其实我不太懂章会长嘴里“魂”是什么,也不太懂“惊世骇俗”到底有多强。
我只知道,从那一天起,我的生活彻底变了。
我不再是那个被人嘲笑的“漫画店的二货”。
我的外号从“张中二”“张嘉豪”变成了……“天北白龙”。
天北市那些声名赫赫的武道高中的邀请函像雪片一样飞来,堆满了我家漫画店的收银台。
媒体的采访一个接一个,记者扛着长枪短炮堵在漫画店门口,吓得我家隔壁卖早餐的王大爷以为出了什么大事。
所有人都在问我同一个问题:
“张九极,你的梦想是什么?”
我每次都给出同样的答案,不带一丝犹豫......
“吾之梦想?”
“听好了......”
“我要成为长城上那个背影一样的存在!”
“我要手持这杆龙枪,踏碎异域!”
“我要龙枪厉飞宇亲自转过身来,对我说一句......”
“‘这一世,你来接我的班。’”
“我要让天下人知道......”
“天北白龙,张九极,参上!”
然后他们就会愣住,然后尴尬地笑笑,然后在我的采访稿里加上一句“少年的中二梦想”。
我不在意。
因为只有我知道......我不是在说大话。
我的枪,是认真的。
我的豪杰路,从十三岁那年的那场武斗比试起,才刚刚开始。
我和自己说:
“等着吧,世界。”
“你很快就会记住我的名字。”
十四岁那年,我干了第二件大事。
我拒绝了天北第一高中的特招。
消息传开,整个天北市都炸了锅。
同学们说我疯了。
老师们说我可惜了。
连隔壁王大爷都专门跑到漫画店来劝我:
“小九啊,天北一高啊,那可是咱们市最好的武道高中!多少人挤破头都进不去,你倒好,特招都不要?”

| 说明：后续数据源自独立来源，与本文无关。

(* Let $t\ge 3$ and let $G_t$ be the labeling of the complete graph $K_{2t}$ in which the edges of a fixed perfect matching are labeled $-$ and all other edges are labeled $+$. Consider the linear program $\mathsf{L}$ in variables $M\in\mathbb{R}$ and $x_{uv}$ for each unordered pair $uv$ of distinct vertices: minimize $M$ subject to $x_{uv}\le x_{uz}+x_{zv}$ for all distinct $u,v,z$; $\sum_{w\in N^+(v)}x_{vw}+\sum_{w\in N^-(v)}(1-x_{vw})\le M$ for all vertices $v$; and $0\le x_{e}\le 1$ for all edges $e$. Then the unique optimal solution of $\mathsf{L}$ has $x_{uv}=0$ for all edges $uv$ of $G_t$.
   Context: $N^+(v)$ and $N^-(v)$ denote the sets of vertices joined to $v$ by a $+$ edge, resp. a $-$ edge. *)

theory Defs
  imports Complex_Main
begin

text \<open>Vertex set V of the complete graph; edges are 2-element sets {u,v}, u \<noteq> v.
  The labeling G_t: edges in the perfect matching PM are labelled -, all others +.\<close>

definition perfect_matching :: "'a set \<Rightarrow> 'a set set \<Rightarrow> bool" where
  "perfect_matching V PM \<longleftrightarrow>
     (\<forall>e\<in>PM. \<exists>u\<in>V. \<exists>v\<in>V. u \<noteq> v \<and> e = {u, v}) \<and>
     (\<forall>v\<in>V. \<exists>!e. e \<in> PM \<and> v \<in> e)"

definition Npos :: "'a set \<Rightarrow> 'a set set \<Rightarrow> 'a \<Rightarrow> 'a set" where
  "Npos V PM v = {w \<in> V. w \<noteq> v \<and> {v, w} \<notin> PM}"

definition Nneg :: "'a set \<Rightarrow> 'a set set \<Rightarrow> 'a \<Rightarrow> 'a set" where
  "Nneg V PM v = {w \<in> V. w \<noteq> v \<and> {v, w} \<in> PM}"

definition L_feasible :: "'a set \<Rightarrow> 'a set set \<Rightarrow> real \<Rightarrow> ('a set \<Rightarrow> real) \<Rightarrow> bool" where
  "L_feasible V PM M x \<longleftrightarrow>
     (\<forall>u\<in>V. \<forall>v\<in>V. \<forall>z\<in>V. u \<noteq> v \<and> u \<noteq> z \<and> v \<noteq> z \<longrightarrow> x {u, v} \<le> x {u, z} + x {z, v}) \<and>
     (\<forall>v\<in>V. (\<Sum>w\<in>Npos V PM v. x {v, w}) + (\<Sum>w\<in>Nneg V PM v. 1 - x {v, w}) \<le> M) \<and>
     (\<forall>u\<in>V. \<forall>v\<in>V. u \<noteq> v \<longrightarrow> 0 \<le> x {u, v} \<and> x {u, v} \<le> 1)"

definition L_optimal :: "'a set \<Rightarrow> 'a set set \<Rightarrow> real \<Rightarrow> ('a set \<Rightarrow> real) \<Rightarrow> bool" where
  "L_optimal V PM M x \<longleftrightarrow> L_feasible V PM M x \<and> (\<forall>M' x'. L_feasible V PM M' x' \<longrightarrow> M \<le> M')"

end

theory Submission
  imports Defs
begin

text \<open>Let \<open>p\<close> be the matching partner of a vertex \<open>v\<close> and \<open>A = V - {v,p}\<close>. Adding the degree
  constraints at \<open>v\<close> and at \<open>p\<close>, and bounding \<open>x\<^sub>v\<^sub>p \<le> x\<^sub>v\<^sub>w + x\<^sub>w\<^sub>p\<close> for each of the
  \<open>|A| = 2t - 2\<close> vertices \<open>w \<in> A\<close>, gives \<open>2 + (2t - 4) x\<^sub>v\<^sub>p \<le> 2M\<close>. Hence \<open>M \<ge> 1\<close>, which the
  zero solution attains; and if \<open>M = 1\<close> then \<open>t \<ge> 3\<close> forces \<open>x\<^sub>v\<^sub>p = 0\<close>, after which the
  constraint at \<open>v\<close> reads \<open>\<Sum>\<^bsub>w \<in> A\<^esub> x\<^sub>v\<^sub>w \<le> 0\<close>, so every variable vanishes.\<close>

lemma perfect_matching_partner:
  assumes pm: "perfect_matching V PM" and v: "v \<in> V"
  obtains p where "p \<in> V" "p \<noteq> v" "{v, p} \<in> PM"
    "Nneg V PM v = {p}" "Npos V PM v = V - {v, p}"
proof -
  from pm v obtain e where e: "e \<in> PM" "v \<in> e" and uniq: "\<And>e'. e' \<in> PM \<Longrightarrow> v \<in> e' \<Longrightarrow> e' = e"
    unfolding perfect_matching_def by metis
  from pm e obtain a b where "a \<in> V" "b \<in> V" "a \<noteq> b" "e = {a, b}"
    unfolding perfect_matching_def by metis
  then obtain p where p: "p \<in> V" "p \<noteq> v" "e = {v, p}"
    using e(2) by (metis insert_commute insert_iff singletonD)
  have Nneg: "Nneg V PM v = {p}"
  proof (intro equalityI subsetI)
    fix w assume "w \<in> Nneg V PM v"
    then have "w \<noteq> v" "{v, w} = {v, p}"
      using uniq p(3) unfolding Nneg_def by auto
    then show "w \<in> {p}" by (metis doubleton_eq_iff singletonI)
  qed (use p e in \<open>auto simp: Nneg_def\<close>)
  have "Npos V PM v = V - {v, p}"
    using Nneg p e unfolding Npos_def Nneg_def by blast
  with p e Nneg show thesis using that by auto
qed

lemma perfect_matching_neighbourhoods:
  assumes pm: "perfect_matching V PM" and "v \<in> V" "p \<in> V" "p \<noteq> v" "{v, p} \<in> PM"
  shows "Nneg V PM v = {p}" "Npos V PM v = V - {v, p}"
proof -
  obtain q where "Nneg V PM v = {q}" "Npos V PM v = V - {v, q}"
    using perfect_matching_partner[OF pm \<open>v \<in> V\<close>] by metis
  moreover have "p \<in> Nneg V PM v" using assms unfolding Nneg_def by simp
  ultimately show "Nneg V PM v = {p}" "Npos V PM v = V - {v, p}" by auto
qed

lemma L_feasible_triangle:
  "L_feasible V PM M x \<Longrightarrow> u \<in> V \<Longrightarrow> v \<in> V \<Longrightarrow> z \<in> V \<Longrightarrow> u \<noteq> v \<Longrightarrow> u \<noteq> z \<Longrightarrow> v \<noteq> z
    \<Longrightarrow> x {u, v} \<le> x {u, z} + x {z, v}"
  unfolding L_feasible_def by blast

lemma L_feasible_vertex_bound:
  "L_feasible V PM M x \<Longrightarrow> v \<in> V
    \<Longrightarrow> (\<Sum>w\<in>Npos V PM v. x {v, w}) + (\<Sum>w\<in>Nneg V PM v. 1 - x {v, w}) \<le> M"
  unfolding L_feasible_def by blast

lemma L_feasible_nonneg:
  "L_feasible V PM M x \<Longrightarrow> u \<in> V \<Longrightarrow> v \<in> V \<Longrightarrow> u \<noteq> v \<Longrightarrow> 0 \<le> x {u, v}"
  unfolding L_feasible_def by blast

lemma L_feasible_zero: "perfect_matching V PM \<Longrightarrow> L_feasible V PM 1 (\<lambda>_. 0)"
  unfolding L_feasible_def
proof (intro conjI ballI impI)
  fix v assume "perfect_matching V PM" "v \<in> V"
  then obtain p where "Nneg V PM v = {p}"
    using perfect_matching_partner by metis
  then show "(\<Sum>w\<in>Npos V PM v. (0::real)) + (\<Sum>w\<in>Nneg V PM v. 1 - 0) \<le> 1" by simp
qed auto

lemma L_feasible_matched_pair_bound:
  assumes pm: "perfect_matching V PM" and fin: "finite V"
    and F: "L_feasible V PM M x" and v: "v \<in> V" and p: "p \<in> V" "p \<noteq> v" "{v, p} \<in> PM"
  shows "2 + (real (card V) - 4) * x {v, p} \<le> 2 * M"
proof -
  define A where "A = V - {v, p}"
  have at_v: "(\<Sum>w\<in>A. x {v, w}) + (1 - x {v, p}) \<le> M"
    using L_feasible_vertex_bound[OF F v] perfect_matching_neighbourhoods[OF pm v p]
    unfolding A_def by simp
  have "{p, v} \<in> PM" using p(3) by (simp add: insert_commute)
  then have at_p: "(\<Sum>w\<in>A. x {p, w}) + (1 - x {v, p}) \<le> M"
    using L_feasible_vertex_bound[OF F p(1)] perfect_matching_neighbourhoods[OF pm p(1) v] p(2)
    unfolding A_def by (simp add: insert_commute)
  have "(\<Sum>w\<in>A. x {v, p}) \<le> (\<Sum>w\<in>A. x {v, w} + x {p, w})"
  proof (rule sum_mono)
    fix w assume "w \<in> A"
    then have "x {v, p} \<le> x {v, w} + x {w, p}"
      using L_feasible_triangle[OF F v p(1)] p unfolding A_def by blast
    then show "x {v, p} \<le> x {v, w} + x {p, w}" by (simp add: insert_commute)
  qed
  moreover have "real (card A) = real (card V) - 2"
  proof -
    have "card {v, p} \<le> card V" using fin v p(1) by (intro card_mono) auto
    then show ?thesis
      unfolding A_def using fin v p by (simp add: card_Diff_subset)
  qed
  ultimately have "(real (card V) - 2) * x {v, p} \<le> (\<Sum>w\<in>A. x {v, w}) + (\<Sum>w\<in>A. x {p, w})"
    by (simp add: sum.distrib)
  with at_v at_p show ?thesis by (simp add: algebra_simps)
qed

lemma L_feasible_ge_one:
  assumes pm: "perfect_matching V PM" and card: "4 \<le> card V" and F: "L_feasible V PM M x"
  shows "1 \<le> M"
proof -
  have fin: "finite V" and "V \<noteq> {}" using card by (auto intro: card_ge_0_finite)
  then obtain v where v: "v \<in> V" by blast
  then obtain p where p: "p \<in> V" "p \<noteq> v" "{v, p} \<in> PM"
    using perfect_matching_partner[OF pm] by metis
  have "2 + (real (card V) - 4) * x {v, p} \<le> 2 * M"
    using L_feasible_matched_pair_bound[OF pm fin F v p] .
  moreover have "0 \<le> (real (card V) - 4) * x {v, p}"
    using card L_feasible_nonneg[OF F p(1) v p(2)] by (simp add: insert_commute)
  ultimately show ?thesis by linarith
qed

lemma L_feasible_one_imp_zero:
  assumes pm: "perfect_matching V PM" and card: "4 < card V" and F: "L_feasible V PM 1 x"
    and u: "u \<in> V" and v: "v \<in> V" "u \<noteq> v"
  shows "x {u, v} = 0"
proof -
  have fin: "finite V" using card card.infinite by fastforce
  obtain p where p: "p \<in> V" "p \<noteq> u" "{u, p} \<in> PM"
    and Nneg: "Nneg V PM u = {p}" and Npos: "Npos V PM u = V - {u, p}"
    using perfect_matching_partner[OF pm u] by metis
  have "(real (card V) - 4) * x {u, p} \<le> 0"
    using L_feasible_matched_pair_bound[OF pm fin F u p] by simp
  with card have "x {u, p} \<le> 0" by (simp add: mult_le_0_iff)
  moreover have "0 \<le> x {u, p}" using L_feasible_nonneg[OF F u p(1)] p(2) by simp
  ultimately have xp: "x {u, p} = 0" by simp
  have nonneg: "\<And>w. w \<in> V - {u, p} \<Longrightarrow> 0 \<le> x {u, w}"
    using L_feasible_nonneg[OF F u] by blast
  have "(\<Sum>w\<in>V - {u, p}. x {u, w}) \<le> 0"
    using L_feasible_vertex_bound[OF F u] Nneg Npos xp by simp
  then have "(\<Sum>w\<in>V - {u, p}. x {u, w}) = 0"
    by (intro order_antisym sum_nonneg nonneg)
  then have "\<forall>w\<in>V - {u, p}. x {u, w} = 0"
    using sum_nonneg_eq_0_iff[of "V - {u, p}" "\<lambda>w. x {u, w}"] nonneg fin by blast
  with xp v show ?thesis by (cases "v = p") auto
qed

theorem proposition1:
  fixes V :: "'a set" and PM :: "'a set set" and t :: nat
  assumes "finite V" and "card V = 2 * t" and "t \<ge> 3"
    and "perfect_matching V PM"
  shows "\<exists>M x. L_optimal V PM M x \<and>
           (\<forall>M' x'. L_optimal V PM M' x' \<longrightarrow>
               M' = M \<and> (\<forall>u\<in>V. \<forall>v\<in>V. u \<noteq> v \<longrightarrow> x' {u, v} = x {u, v})) \<and>
           (\<forall>u\<in>V. \<forall>v\<in>V. u \<noteq> v \<longrightarrow> x {u, v} = 0)"
proof -
  note pm = assms(4)
  have card: "4 < card V" using assms(2,3) by simp
  have opt: "L_optimal V PM 1 (\<lambda>_. 0)"
    unfolding L_optimal_def
    using L_feasible_zero[OF pm] L_feasible_ge_one[OF pm] card by auto
  have "M' = 1 \<and> (\<forall>u\<in>V. \<forall>v\<in>V. u \<noteq> v \<longrightarrow> x' {u, v} = 0)"
    if "L_optimal V PM M' x'" for M' x'
  proof -
    from that have "L_feasible V PM M' x'" "M' \<le> 1"
      using L_feasible_zero[OF pm] unfolding L_optimal_def by auto
    moreover from this have "M' = 1"
      using L_feasible_ge_one[OF pm] card by force
    ultimately show ?thesis
      using L_feasible_one_imp_zero[OF pm card] by auto
  qed
  with opt show ?thesis by auto
qed

end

只有我自己知道......我的豪杰路,不该如此舒舒服服地走。
“豪杰之路,岂能走寻常路?”
我对王大爷说:
“我要走的路,是荒野,是长城,是邪族的老巢!”
“天北一高?太小了!”
“装不下我的豪杰之志!”
王大爷以为我发烧了,摸了摸我的额头。
章天会长连夜赶到我家。
他推开漫画店的门,橘黄色的灯光下,我妈正在整理书架,两个人对视了足足十秒钟,谁都没先开口。
最后是我妈先出声:“章会长,您别劝了。这孩子从七岁起,我说的话他一句没听过。”
章天转过头看我,目光沉得像铁:
“给我一个理由。”
我没说话。
从墙上摘下那杆长枪,枪尖上的布条已经换过一批,但每一句都是我在这间小小的漫画店里、一盏孤灯下、一个又一个深夜里,用笔尖蘸着少年意气一字一句写出来的。
我抬起枪尖,指着其中一条。
上面写着……“长城之上,方为豪杰归宿。”
“章会长,”
我的声音很轻,但每一个字都像钉子一样扎在地上:
“我的归宿,不在教室里。”
“我的归宿,在长城上。”
“在那里,和邪族一战!”
“在那里,用这杆枪,写下属于我张九极的传说!”
章天沉默了。
那沉默持续了很久,久到我能听到墙上老挂钟的滴答声。
“你想去参加荒野清剿队?”
他的声音很低。
“是。”
“那地方,全都是犯了联邦刑法、无法无天之徒。
杀人犯、强盗、叛徒、疯子……每年死的人比活着回来的多。
你才十四岁,知道那是什么地方吗?”
“我知道。”
“正因为那里是恶棍聚集之地,我才更要去。”
“因为......”
我握紧枪杆,目光灼热如焰:
“豪杰,就是要深入虎穴!”
“豪杰,就是要与恶为邻而不染!”
“豪杰,就是要让那些恶棍知道......”
“这世上,还有一种活法!”
“这才是真豪杰!”
“你知道个屁!”
章天猛地站起来,椅子往后一倒,砸在地上:
“你知道那些清剿队的都是什么人吗?他们不是长城上的英雄,是一群被联邦扔进荒野、用命赎罪的恶棍!
你一个十四岁的孩子进去,连骨头渣子都不会剩下!”
我沉默了很久。
“章会长,您说的那些我都知道。”
“但我更知道一件事......”
“如果我现在不去,这辈子都不会去了。”
“豪杰的路,从来不是等着别人铺好的。”
“清剿队里再凶恶的人,也是人对人。”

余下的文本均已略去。